## MATERIAL FOR THE TASK
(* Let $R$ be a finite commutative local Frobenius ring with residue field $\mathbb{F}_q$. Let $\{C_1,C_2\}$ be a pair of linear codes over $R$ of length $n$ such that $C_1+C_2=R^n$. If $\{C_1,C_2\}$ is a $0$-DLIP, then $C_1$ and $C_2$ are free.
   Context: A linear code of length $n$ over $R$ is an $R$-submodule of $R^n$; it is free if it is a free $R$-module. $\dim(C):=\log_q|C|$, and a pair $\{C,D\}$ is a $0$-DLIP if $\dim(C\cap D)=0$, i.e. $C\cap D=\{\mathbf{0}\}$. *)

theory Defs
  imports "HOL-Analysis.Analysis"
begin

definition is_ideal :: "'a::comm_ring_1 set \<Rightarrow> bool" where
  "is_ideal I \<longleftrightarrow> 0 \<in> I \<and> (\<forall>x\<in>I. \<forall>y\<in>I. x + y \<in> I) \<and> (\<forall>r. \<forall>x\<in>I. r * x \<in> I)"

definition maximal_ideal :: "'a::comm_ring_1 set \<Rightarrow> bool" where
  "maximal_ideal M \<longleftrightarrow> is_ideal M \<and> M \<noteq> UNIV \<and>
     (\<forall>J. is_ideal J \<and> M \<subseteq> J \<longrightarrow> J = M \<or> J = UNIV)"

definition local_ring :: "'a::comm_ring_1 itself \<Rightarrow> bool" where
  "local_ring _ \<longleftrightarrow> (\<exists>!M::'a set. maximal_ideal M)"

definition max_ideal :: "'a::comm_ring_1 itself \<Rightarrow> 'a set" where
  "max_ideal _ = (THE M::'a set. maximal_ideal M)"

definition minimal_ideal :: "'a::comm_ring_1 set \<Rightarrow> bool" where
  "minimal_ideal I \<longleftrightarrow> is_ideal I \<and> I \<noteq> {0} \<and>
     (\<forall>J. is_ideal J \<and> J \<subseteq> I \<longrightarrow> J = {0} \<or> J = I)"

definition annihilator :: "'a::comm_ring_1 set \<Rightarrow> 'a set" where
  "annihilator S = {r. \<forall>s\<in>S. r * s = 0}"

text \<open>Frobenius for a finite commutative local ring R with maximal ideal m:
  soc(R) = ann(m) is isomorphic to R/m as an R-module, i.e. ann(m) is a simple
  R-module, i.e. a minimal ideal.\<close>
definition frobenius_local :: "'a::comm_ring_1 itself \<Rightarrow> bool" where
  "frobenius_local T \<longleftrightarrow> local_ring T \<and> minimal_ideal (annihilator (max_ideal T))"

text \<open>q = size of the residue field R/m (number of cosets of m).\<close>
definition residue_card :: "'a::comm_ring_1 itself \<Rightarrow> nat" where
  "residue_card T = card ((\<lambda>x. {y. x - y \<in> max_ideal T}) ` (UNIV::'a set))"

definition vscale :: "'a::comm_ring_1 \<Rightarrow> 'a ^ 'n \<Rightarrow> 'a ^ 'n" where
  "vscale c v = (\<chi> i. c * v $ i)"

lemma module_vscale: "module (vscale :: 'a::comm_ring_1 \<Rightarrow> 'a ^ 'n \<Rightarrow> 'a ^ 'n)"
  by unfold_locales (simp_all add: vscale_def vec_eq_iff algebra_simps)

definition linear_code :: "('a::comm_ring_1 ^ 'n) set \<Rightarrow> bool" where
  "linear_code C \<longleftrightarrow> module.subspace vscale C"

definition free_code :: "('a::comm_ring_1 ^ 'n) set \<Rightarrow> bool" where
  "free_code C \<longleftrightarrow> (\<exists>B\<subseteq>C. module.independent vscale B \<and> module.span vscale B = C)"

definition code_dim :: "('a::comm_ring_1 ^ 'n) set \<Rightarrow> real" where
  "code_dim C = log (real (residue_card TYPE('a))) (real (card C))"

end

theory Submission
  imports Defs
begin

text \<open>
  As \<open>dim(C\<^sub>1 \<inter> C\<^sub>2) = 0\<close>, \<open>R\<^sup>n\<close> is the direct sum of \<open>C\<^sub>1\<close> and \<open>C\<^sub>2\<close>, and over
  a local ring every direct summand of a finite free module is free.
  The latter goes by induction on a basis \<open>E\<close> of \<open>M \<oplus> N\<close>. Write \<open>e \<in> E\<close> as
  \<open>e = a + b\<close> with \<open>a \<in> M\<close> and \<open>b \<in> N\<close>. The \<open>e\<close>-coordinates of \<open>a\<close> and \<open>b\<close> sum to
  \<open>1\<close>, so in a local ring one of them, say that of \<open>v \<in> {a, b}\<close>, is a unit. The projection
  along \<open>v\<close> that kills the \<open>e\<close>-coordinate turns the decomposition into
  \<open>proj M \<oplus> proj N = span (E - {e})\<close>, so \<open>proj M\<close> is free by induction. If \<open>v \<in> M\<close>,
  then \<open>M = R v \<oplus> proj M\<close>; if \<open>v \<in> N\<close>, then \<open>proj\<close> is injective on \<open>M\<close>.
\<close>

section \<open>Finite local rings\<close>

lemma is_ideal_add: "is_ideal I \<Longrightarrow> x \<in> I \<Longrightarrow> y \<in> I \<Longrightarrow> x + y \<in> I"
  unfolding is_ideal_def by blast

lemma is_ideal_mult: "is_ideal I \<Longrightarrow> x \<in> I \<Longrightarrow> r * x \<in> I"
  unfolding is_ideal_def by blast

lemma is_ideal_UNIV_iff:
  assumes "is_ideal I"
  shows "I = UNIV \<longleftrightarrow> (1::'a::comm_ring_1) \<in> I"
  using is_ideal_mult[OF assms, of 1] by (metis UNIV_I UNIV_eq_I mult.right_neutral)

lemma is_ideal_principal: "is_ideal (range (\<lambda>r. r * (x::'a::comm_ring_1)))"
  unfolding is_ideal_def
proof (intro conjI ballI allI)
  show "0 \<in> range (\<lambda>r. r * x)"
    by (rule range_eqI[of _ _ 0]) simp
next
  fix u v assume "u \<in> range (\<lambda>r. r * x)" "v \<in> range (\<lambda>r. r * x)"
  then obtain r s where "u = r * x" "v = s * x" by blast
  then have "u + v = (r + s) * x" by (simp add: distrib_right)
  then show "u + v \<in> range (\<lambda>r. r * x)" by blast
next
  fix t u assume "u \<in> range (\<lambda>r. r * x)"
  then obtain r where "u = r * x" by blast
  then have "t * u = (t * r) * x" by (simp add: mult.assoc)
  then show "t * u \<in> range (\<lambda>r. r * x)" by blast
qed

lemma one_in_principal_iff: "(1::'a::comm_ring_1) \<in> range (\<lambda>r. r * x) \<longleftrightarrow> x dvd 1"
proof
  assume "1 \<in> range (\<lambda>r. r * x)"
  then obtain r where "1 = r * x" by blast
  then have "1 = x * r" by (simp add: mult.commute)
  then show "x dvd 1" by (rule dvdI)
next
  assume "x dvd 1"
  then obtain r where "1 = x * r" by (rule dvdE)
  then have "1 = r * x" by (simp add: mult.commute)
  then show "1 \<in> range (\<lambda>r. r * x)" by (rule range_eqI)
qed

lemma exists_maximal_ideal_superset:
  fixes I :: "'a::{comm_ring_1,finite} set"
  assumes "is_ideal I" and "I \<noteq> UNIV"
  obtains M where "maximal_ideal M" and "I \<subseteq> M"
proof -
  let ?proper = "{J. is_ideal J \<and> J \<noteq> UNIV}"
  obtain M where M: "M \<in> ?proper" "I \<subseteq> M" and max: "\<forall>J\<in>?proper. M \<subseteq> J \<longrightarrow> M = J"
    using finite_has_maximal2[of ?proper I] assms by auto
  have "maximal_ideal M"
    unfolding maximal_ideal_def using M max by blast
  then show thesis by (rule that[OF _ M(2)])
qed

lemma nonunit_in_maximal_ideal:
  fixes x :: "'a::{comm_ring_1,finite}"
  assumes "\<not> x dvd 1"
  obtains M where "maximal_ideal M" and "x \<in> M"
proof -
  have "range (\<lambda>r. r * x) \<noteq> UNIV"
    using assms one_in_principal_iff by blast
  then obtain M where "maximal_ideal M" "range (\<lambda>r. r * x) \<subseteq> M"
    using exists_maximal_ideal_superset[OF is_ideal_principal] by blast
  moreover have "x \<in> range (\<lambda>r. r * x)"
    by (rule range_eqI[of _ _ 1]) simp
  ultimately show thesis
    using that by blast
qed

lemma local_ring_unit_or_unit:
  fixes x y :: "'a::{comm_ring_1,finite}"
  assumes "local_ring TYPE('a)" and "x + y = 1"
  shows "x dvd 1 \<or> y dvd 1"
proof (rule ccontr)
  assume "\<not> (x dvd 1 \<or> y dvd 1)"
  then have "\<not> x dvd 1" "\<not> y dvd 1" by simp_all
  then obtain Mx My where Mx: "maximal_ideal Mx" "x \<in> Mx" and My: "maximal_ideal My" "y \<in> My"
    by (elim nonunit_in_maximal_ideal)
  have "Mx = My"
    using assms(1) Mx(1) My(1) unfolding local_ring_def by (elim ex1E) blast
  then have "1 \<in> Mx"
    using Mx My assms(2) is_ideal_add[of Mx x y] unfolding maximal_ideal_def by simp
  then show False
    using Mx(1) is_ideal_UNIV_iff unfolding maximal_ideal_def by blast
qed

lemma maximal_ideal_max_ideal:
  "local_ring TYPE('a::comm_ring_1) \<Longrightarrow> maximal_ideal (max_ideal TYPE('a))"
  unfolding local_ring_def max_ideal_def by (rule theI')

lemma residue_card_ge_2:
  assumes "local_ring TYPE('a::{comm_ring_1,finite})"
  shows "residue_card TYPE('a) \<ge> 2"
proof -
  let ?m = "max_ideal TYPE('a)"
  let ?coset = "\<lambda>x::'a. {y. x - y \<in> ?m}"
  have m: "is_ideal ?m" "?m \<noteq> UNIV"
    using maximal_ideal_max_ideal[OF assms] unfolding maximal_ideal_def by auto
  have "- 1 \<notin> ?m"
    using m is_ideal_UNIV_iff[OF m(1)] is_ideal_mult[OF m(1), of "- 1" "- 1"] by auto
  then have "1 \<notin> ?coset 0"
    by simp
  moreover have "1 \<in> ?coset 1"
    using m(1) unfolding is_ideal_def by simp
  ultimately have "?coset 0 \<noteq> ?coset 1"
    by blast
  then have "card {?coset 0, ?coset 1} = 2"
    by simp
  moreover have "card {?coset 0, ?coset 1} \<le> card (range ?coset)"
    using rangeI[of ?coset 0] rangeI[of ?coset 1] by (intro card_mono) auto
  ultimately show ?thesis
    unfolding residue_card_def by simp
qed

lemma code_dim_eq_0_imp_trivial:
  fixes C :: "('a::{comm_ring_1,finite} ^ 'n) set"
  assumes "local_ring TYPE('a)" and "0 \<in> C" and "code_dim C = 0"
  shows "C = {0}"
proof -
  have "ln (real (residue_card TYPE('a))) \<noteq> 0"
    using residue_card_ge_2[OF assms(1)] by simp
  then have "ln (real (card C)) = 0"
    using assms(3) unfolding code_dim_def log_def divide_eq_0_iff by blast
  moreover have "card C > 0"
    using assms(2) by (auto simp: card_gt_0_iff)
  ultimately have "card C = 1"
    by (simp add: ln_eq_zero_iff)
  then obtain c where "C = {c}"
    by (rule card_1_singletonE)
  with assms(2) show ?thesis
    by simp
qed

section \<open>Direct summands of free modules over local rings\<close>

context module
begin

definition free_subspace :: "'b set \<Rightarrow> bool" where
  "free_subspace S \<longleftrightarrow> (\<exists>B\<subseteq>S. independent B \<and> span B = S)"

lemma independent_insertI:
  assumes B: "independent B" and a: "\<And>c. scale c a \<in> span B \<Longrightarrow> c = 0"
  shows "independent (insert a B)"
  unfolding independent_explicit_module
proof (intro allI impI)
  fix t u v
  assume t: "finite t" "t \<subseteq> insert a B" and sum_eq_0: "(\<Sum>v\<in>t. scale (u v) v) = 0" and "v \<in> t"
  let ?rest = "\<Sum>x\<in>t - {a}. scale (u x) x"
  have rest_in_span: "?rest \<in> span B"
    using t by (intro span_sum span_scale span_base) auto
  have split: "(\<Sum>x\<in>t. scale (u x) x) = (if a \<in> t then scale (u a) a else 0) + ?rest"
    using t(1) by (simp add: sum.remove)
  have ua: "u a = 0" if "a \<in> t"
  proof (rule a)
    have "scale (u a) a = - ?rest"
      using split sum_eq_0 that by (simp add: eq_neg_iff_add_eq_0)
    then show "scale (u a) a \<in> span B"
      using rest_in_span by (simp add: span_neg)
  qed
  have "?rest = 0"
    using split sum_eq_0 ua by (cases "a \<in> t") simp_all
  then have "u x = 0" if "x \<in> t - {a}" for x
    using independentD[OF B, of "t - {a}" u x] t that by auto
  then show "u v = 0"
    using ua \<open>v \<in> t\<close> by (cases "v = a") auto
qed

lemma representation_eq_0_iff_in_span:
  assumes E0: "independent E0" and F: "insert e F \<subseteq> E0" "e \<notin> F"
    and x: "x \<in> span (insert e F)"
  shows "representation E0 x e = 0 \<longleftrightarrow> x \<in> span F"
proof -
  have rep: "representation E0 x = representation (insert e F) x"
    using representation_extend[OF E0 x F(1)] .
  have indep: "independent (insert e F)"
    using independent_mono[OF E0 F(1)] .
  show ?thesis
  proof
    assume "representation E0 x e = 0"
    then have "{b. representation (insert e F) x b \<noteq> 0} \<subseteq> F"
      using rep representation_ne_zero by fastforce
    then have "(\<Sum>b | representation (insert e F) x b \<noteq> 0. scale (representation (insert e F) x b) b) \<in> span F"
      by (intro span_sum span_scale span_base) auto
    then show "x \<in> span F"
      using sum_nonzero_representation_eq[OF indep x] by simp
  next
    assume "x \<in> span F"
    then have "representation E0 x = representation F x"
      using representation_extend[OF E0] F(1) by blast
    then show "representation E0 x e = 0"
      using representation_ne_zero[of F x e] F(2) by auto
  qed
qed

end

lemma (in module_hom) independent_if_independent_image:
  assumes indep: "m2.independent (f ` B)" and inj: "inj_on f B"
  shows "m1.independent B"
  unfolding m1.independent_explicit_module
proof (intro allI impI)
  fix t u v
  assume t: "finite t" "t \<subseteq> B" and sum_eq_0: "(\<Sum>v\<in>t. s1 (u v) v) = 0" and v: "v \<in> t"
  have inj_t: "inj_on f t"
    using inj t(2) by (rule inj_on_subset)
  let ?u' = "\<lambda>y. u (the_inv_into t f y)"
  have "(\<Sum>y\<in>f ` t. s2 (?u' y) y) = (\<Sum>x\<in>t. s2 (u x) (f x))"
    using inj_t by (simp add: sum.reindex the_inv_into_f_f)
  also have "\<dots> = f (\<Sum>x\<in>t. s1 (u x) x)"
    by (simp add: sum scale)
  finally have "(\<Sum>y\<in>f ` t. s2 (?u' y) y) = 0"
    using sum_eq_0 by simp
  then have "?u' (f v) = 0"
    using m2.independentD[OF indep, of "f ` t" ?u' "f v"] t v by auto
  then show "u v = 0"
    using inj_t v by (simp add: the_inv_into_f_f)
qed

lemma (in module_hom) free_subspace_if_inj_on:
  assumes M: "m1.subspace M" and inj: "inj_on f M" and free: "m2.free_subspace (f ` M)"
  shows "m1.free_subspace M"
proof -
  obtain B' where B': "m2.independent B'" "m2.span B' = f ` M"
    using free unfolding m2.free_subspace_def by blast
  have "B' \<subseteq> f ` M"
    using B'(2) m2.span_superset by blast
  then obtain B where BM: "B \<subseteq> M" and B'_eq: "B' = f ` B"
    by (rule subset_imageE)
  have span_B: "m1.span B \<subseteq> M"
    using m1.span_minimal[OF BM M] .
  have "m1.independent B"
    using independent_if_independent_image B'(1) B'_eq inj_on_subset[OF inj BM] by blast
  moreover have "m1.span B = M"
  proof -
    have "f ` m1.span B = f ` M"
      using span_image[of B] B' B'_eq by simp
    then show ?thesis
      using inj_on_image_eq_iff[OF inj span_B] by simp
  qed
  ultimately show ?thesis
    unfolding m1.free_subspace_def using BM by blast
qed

## WORK REQUIRED
Out of the records above, pull each line containing the word "forall".

## ANSWER TO THE EXERCISE
  "is_ideal I \<longleftrightarrow> 0 \<in> I \<and> (\<forall>x\<in>I. \<forall>y\<in>I. x + y \<in> I) \<and> (\<forall>r. \<forall>x\<in>I. r * x \<in> I)"
     (\<forall>J. is_ideal J \<and> M \<subseteq> J \<longrightarrow> J = M \<or> J = UNIV)"
     (\<forall>J. is_ideal J \<and> J \<subseteq> I \<longrightarrow> J = {0} \<or> J = I)"
  "annihilator S = {r. \<forall>s\<in>S. r * s = 0}"
  obtain M where M: "M \<in> ?proper" "I \<subseteq> M" and max: "\<forall>J\<in>?proper. M \<subseteq> J \<longrightarrow> M = J"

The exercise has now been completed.